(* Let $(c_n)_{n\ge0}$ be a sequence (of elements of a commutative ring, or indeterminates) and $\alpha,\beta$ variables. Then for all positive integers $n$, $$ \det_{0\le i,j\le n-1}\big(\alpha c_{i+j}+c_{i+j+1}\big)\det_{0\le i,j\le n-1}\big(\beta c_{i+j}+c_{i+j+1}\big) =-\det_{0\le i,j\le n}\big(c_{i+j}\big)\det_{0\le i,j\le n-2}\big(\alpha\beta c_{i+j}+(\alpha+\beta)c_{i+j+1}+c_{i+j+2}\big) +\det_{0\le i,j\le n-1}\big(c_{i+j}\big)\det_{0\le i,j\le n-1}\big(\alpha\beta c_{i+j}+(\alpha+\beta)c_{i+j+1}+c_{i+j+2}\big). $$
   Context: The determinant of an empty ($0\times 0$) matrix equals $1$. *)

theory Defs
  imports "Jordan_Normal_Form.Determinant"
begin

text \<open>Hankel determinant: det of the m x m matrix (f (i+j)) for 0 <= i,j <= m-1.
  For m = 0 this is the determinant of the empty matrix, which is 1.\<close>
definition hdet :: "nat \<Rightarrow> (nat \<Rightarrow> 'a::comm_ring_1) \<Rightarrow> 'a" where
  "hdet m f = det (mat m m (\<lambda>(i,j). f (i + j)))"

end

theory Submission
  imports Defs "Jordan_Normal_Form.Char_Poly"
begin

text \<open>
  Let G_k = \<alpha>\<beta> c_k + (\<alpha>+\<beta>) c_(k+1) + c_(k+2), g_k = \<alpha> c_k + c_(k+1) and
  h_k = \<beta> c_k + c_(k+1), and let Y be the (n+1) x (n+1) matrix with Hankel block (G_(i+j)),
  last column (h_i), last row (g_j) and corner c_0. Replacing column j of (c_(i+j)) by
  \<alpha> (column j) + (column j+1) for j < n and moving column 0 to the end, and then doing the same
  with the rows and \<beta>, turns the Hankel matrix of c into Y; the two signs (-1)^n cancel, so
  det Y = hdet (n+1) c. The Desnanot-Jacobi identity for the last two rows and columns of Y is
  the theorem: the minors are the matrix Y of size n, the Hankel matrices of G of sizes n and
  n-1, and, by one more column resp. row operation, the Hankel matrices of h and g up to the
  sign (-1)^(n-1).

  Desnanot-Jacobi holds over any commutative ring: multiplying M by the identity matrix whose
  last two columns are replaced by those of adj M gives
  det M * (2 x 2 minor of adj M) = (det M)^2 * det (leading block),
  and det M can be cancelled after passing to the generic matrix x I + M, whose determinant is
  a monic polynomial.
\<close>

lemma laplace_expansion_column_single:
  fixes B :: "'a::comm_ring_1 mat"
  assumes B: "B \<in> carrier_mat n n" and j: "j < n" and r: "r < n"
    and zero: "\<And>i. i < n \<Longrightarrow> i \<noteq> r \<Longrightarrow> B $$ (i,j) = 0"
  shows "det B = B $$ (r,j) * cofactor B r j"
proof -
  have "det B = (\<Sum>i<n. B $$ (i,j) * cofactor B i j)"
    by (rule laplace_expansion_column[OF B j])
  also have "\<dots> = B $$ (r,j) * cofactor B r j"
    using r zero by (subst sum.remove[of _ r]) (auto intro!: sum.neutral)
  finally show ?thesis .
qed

◆ ◆ ◆ ◆

> _What you will do_
Go through the records above and copy each line exactly.

> _Expected output_
(* Let $(c_n)_{n\ge0}$ be a sequence (of elements of a commutative ring, or indeterminates) and $\alpha,\beta$ variables. Then for all positive integers $n$, $$ \det_{0\le i,j\le n-1}\big(\alpha c_{i+j}+c_{i+j+1}\big)\det_{0\le i,j\le n-1}\big(\beta c_{i+j}+c_{i+j+1}\big) =-\det_{0\le i,j\le n}\big(c_{i+j}\big)\det_{0\le i,j\le n-2}\big(\alpha\beta c_{i+j}+(\alpha+\beta)c_{i+j+1}+c_{i+j+2}\big) +\det_{0\le i,j\le n-1}\big(c_{i+j}\big)\det_{0\le i,j\le n-1}\big(\alpha\beta c_{i+j}+(\alpha+\beta)c_{i+j+1}+c_{i+j+2}\big). $$
   Context: The determinant of an empty ($0\times 0$) matrix equals $1$. *)

theory Defs
  imports "Jordan_Normal_Form.Determinant"
begin

text \<open>Hankel determinant: det of the m x m matrix (f (i+j)) for 0 <= i,j <= m-1.
  For m = 0 this is the determinant of the empty matrix, which is 1.\<close>
definition hdet :: "nat \<Rightarrow> (nat \<Rightarrow> 'a::comm_ring_1) \<Rightarrow> 'a" where
  "hdet m f = det (mat m m (\<lambda>(i,j). f (i + j)))"

end

theory Submission
  imports Defs "Jordan_Normal_Form.Char_Poly"
begin

text \<open>
  Let G_k = \<alpha>\<beta> c_k + (\<alpha>+\<beta>) c_(k+1) + c_(k+2), g_k = \<alpha> c_k + c_(k+1) and
  h_k = \<beta> c_k + c_(k+1), and let Y be the (n+1) x (n+1) matrix with Hankel block (G_(i+j)),
  last column (h_i), last row (g_j) and corner c_0. Replacing column j of (c_(i+j)) by
  \<alpha> (column j) + (column j+1) for j < n and moving column 0 to the end, and then doing the same
  with the rows and \<beta>, turns the Hankel matrix of c into Y; the two signs (-1)^n cancel, so
  det Y = hdet (n+1) c. The Desnanot-Jacobi identity for the last two rows and columns of Y is
  the theorem: the minors are the matrix Y of size n, the Hankel matrices of G of sizes n and
  n-1, and, by one more column resp. row operation, the Hankel matrices of h and g up to the
  sign (-1)^(n-1).

  Desnanot-Jacobi holds over any commutative ring: multiplying M by the identity matrix whose
  last two columns are replaced by those of adj M gives
  det M * (2 x 2 minor of adj M) = (det M)^2 * det (leading block),
  and det M can be cancelled after passing to the generic matrix x I + M, whose determinant is
  a monic polynomial.
\<close>

lemma laplace_expansion_column_single:
  fixes B :: "'a::comm_ring_1 mat"
  assumes B: "B \<in> carrier_mat n n" and j: "j < n" and r: "r < n"
    and zero: "\<And>i. i < n \<Longrightarrow> i \<noteq> r \<Longrightarrow> B $$ (i,j) = 0"
  shows "det B = B $$ (r,j) * cofactor B r j"
proof -
  have "det B = (\<Sum>i<n. B $$ (i,j) * cofactor B i j)"
    by (rule laplace_expansion_column[OF B j])
  also have "\<dots> = B $$ (r,j) * cofactor B r j"
    using r zero by (subst sum.remove[of _ r]) (auto intro!: sum.neutral)
  finally show ?thesis .
qed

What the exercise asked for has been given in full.